[Collected data]
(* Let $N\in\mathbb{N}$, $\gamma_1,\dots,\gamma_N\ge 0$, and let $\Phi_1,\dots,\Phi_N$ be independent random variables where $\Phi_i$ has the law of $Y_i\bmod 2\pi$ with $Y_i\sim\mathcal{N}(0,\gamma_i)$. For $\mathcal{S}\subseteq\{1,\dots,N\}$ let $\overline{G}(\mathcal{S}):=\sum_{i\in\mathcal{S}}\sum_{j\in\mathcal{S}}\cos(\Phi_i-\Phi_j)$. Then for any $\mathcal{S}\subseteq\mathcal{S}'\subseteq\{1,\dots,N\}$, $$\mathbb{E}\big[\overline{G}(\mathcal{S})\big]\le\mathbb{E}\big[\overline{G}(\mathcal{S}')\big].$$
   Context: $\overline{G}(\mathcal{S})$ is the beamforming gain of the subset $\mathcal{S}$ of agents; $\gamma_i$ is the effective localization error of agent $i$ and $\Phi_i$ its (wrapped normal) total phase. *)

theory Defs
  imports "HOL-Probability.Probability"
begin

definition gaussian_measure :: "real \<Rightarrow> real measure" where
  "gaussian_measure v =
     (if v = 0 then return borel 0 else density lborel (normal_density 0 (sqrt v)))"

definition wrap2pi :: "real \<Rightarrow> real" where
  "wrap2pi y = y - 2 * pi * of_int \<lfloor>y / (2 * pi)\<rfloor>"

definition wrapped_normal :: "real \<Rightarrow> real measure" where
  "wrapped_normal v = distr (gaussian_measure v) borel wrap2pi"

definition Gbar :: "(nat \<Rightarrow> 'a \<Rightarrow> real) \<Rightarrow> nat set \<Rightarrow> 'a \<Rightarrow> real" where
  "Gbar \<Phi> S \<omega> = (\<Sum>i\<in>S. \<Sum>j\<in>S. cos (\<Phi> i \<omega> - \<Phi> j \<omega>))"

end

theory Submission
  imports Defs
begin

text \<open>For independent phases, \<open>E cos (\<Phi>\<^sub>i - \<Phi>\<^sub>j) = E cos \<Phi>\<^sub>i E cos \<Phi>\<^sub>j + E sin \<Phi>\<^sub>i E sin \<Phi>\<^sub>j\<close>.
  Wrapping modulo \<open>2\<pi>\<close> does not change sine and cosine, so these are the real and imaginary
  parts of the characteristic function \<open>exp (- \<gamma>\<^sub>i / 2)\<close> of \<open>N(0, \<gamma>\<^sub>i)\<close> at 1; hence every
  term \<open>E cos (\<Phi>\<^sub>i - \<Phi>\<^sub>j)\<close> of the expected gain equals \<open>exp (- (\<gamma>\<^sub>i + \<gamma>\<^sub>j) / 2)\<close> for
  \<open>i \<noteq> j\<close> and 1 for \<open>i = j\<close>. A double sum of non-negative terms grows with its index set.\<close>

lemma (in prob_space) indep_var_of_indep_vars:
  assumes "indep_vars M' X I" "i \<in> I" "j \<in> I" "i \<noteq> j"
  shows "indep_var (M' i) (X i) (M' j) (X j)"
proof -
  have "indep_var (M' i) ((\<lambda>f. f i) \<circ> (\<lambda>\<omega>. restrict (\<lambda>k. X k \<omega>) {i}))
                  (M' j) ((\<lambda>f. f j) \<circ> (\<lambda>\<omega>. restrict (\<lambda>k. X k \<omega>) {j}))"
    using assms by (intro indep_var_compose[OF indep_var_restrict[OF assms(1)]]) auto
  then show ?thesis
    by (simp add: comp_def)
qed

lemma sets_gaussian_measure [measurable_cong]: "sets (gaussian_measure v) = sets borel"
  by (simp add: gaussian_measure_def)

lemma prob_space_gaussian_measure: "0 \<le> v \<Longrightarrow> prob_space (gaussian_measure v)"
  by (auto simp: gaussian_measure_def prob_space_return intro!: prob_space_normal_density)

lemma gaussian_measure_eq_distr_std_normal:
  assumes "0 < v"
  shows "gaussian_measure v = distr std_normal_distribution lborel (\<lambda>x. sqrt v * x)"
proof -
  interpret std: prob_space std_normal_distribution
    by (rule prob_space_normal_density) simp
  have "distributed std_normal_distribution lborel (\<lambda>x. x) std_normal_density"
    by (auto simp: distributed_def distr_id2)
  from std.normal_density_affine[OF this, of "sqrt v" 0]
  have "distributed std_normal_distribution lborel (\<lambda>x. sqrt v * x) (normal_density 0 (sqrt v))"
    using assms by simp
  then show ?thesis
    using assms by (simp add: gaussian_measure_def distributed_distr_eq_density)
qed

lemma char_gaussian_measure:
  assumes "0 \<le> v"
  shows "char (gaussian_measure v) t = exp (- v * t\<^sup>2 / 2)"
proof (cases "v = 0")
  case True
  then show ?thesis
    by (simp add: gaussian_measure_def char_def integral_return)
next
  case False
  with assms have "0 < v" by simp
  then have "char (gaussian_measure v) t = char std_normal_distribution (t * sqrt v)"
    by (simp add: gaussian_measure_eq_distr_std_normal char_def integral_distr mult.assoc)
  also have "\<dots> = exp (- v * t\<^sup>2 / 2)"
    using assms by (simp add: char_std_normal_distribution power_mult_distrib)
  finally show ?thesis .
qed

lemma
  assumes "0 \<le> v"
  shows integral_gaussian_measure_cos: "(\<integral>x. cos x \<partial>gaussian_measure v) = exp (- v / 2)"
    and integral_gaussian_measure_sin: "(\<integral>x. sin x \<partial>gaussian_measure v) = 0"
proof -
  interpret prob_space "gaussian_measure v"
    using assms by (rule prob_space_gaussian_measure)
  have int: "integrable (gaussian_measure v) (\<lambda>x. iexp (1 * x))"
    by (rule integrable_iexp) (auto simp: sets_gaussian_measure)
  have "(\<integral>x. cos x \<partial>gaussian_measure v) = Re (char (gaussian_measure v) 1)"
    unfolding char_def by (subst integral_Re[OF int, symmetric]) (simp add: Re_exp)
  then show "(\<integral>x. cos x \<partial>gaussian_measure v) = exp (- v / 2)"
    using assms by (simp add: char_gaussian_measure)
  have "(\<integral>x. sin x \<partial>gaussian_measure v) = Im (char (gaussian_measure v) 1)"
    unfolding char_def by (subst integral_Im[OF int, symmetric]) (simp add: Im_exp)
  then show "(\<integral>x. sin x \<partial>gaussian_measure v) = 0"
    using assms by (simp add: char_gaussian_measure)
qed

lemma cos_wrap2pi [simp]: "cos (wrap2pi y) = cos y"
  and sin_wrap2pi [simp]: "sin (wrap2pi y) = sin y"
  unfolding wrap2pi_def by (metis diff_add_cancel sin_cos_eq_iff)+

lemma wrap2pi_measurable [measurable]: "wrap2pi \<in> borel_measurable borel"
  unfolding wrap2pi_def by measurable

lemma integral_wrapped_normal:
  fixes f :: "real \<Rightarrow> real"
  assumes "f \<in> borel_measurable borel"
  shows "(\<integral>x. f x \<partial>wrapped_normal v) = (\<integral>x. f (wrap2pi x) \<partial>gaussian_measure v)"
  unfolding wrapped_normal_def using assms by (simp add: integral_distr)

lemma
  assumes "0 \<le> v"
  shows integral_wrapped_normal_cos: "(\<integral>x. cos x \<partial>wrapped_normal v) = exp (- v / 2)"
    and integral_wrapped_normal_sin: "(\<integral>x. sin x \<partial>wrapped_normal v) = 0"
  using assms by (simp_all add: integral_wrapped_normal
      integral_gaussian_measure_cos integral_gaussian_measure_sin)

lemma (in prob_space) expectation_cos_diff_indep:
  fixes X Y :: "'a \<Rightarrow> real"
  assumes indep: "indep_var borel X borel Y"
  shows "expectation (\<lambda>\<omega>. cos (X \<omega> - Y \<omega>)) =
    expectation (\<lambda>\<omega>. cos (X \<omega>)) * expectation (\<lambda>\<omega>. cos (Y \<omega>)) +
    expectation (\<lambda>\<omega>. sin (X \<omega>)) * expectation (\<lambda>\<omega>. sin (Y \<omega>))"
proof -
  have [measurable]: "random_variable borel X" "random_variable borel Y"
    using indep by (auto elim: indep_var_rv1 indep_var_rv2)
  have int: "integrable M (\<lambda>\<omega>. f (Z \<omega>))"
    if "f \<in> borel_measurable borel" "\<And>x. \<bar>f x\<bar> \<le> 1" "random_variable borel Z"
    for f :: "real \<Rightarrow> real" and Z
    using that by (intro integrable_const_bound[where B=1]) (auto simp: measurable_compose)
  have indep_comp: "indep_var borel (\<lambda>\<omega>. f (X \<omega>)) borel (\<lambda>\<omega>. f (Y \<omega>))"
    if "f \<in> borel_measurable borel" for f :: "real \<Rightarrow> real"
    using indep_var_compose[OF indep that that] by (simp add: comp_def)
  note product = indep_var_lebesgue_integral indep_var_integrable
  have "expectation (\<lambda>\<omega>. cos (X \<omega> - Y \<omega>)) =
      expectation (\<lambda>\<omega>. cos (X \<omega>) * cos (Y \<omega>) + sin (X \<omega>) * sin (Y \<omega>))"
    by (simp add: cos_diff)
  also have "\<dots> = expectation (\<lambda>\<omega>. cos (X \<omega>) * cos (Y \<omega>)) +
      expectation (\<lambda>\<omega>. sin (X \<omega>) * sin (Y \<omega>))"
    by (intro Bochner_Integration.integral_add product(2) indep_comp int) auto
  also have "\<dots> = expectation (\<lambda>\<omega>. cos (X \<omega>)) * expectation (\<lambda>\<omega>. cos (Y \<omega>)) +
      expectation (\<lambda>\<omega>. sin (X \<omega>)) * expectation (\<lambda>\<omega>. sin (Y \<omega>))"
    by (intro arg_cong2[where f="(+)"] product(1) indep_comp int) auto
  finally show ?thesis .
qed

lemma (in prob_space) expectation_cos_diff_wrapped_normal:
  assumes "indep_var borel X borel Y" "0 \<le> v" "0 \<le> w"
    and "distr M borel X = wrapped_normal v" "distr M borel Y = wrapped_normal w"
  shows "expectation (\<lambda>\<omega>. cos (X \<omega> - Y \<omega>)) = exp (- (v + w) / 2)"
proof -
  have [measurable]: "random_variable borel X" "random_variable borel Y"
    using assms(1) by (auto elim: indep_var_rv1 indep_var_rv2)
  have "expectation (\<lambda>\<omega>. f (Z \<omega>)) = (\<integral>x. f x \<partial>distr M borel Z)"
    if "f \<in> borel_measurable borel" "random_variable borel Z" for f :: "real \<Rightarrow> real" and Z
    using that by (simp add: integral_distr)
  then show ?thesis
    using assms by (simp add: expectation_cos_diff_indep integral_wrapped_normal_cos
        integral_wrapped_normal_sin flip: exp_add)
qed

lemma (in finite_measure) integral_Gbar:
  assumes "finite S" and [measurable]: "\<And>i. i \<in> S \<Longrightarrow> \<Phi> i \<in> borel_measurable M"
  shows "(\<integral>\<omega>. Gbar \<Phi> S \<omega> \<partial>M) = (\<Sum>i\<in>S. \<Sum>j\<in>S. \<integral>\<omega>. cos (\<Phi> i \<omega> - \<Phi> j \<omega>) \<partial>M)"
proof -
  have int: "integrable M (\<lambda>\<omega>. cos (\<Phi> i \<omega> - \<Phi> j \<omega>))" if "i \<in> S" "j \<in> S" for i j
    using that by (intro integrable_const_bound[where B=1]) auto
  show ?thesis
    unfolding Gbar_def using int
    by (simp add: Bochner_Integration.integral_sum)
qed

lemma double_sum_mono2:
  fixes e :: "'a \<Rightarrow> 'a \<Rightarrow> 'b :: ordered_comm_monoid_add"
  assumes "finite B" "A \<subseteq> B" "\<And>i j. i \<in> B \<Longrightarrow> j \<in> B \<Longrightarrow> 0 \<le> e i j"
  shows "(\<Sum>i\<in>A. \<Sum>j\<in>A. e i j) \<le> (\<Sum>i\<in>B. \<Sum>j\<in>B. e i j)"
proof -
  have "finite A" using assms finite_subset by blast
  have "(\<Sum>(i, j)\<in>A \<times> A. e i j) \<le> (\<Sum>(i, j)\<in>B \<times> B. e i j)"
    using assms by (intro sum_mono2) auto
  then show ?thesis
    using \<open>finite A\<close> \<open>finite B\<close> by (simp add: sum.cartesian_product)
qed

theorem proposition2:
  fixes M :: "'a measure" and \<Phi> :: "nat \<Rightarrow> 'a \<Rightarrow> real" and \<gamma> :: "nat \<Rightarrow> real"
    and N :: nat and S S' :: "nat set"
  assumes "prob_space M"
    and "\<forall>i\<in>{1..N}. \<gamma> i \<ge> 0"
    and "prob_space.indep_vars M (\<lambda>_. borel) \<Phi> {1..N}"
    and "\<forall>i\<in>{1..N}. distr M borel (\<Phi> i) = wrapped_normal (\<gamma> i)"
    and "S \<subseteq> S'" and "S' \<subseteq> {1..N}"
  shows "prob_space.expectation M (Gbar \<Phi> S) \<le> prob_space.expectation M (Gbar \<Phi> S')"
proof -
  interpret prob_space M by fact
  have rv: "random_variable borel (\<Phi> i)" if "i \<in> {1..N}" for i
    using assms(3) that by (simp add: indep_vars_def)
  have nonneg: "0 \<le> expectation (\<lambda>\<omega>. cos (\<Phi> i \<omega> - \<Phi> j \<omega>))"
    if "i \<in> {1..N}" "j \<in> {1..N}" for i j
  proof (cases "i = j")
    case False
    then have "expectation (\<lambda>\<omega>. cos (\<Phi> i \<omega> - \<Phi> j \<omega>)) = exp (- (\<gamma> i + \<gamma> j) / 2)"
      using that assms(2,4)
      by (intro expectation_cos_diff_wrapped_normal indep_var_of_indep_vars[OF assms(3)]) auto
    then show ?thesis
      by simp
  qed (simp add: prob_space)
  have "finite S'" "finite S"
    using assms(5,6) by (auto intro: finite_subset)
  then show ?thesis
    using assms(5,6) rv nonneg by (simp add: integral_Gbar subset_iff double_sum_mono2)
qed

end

▸ EXERCISE DESCRIPTION:
From the records above, pull every line that has the string "shows" and copy it.

▸ EXERCISE SOLUTION:
  shows "indep_var (M' i) (X i) (M' j) (X j)"
  shows "gaussian_measure v = distr std_normal_distribution lborel (\<lambda>x. sqrt v * x)"
  shows "char (gaussian_measure v) t = exp (- v * t\<^sup>2 / 2)"
  shows integral_gaussian_measure_cos: "(\<integral>x. cos x \<partial>gaussian_measure v) = exp (- v / 2)"
  shows "(\<integral>x. f x \<partial>wrapped_normal v) = (\<integral>x. f (wrap2pi x) \<partial>gaussian_measure v)"
  shows integral_wrapped_normal_cos: "(\<integral>x. cos x \<partial>wrapped_normal v) = exp (- v / 2)"
  shows "expectation (\<lambda>\<omega>. cos (X \<omega> - Y \<omega>)) =
  shows "expectation (\<lambda>\<omega>. cos (X \<omega> - Y \<omega>)) = exp (- (v + w) / 2)"
  shows "(\<integral>\<omega>. Gbar \<Phi> S \<omega> \<partial>M) = (\<Sum>i\<in>S. \<Sum>j\<in>S. \<integral>\<omega>. cos (\<Phi> i \<omega> - \<Phi> j \<omega>) \<partial>M)"
  shows "(\<Sum>i\<in>A. \<Sum>j\<in>A. e i j) \<le> (\<Sum>i\<in>B. \<Sum>j\<in>B. e i j)"
  shows "prob_space.expectation M (Gbar \<Phi> S) \<le> prob_space.expectation M (Gbar \<Phi> S')"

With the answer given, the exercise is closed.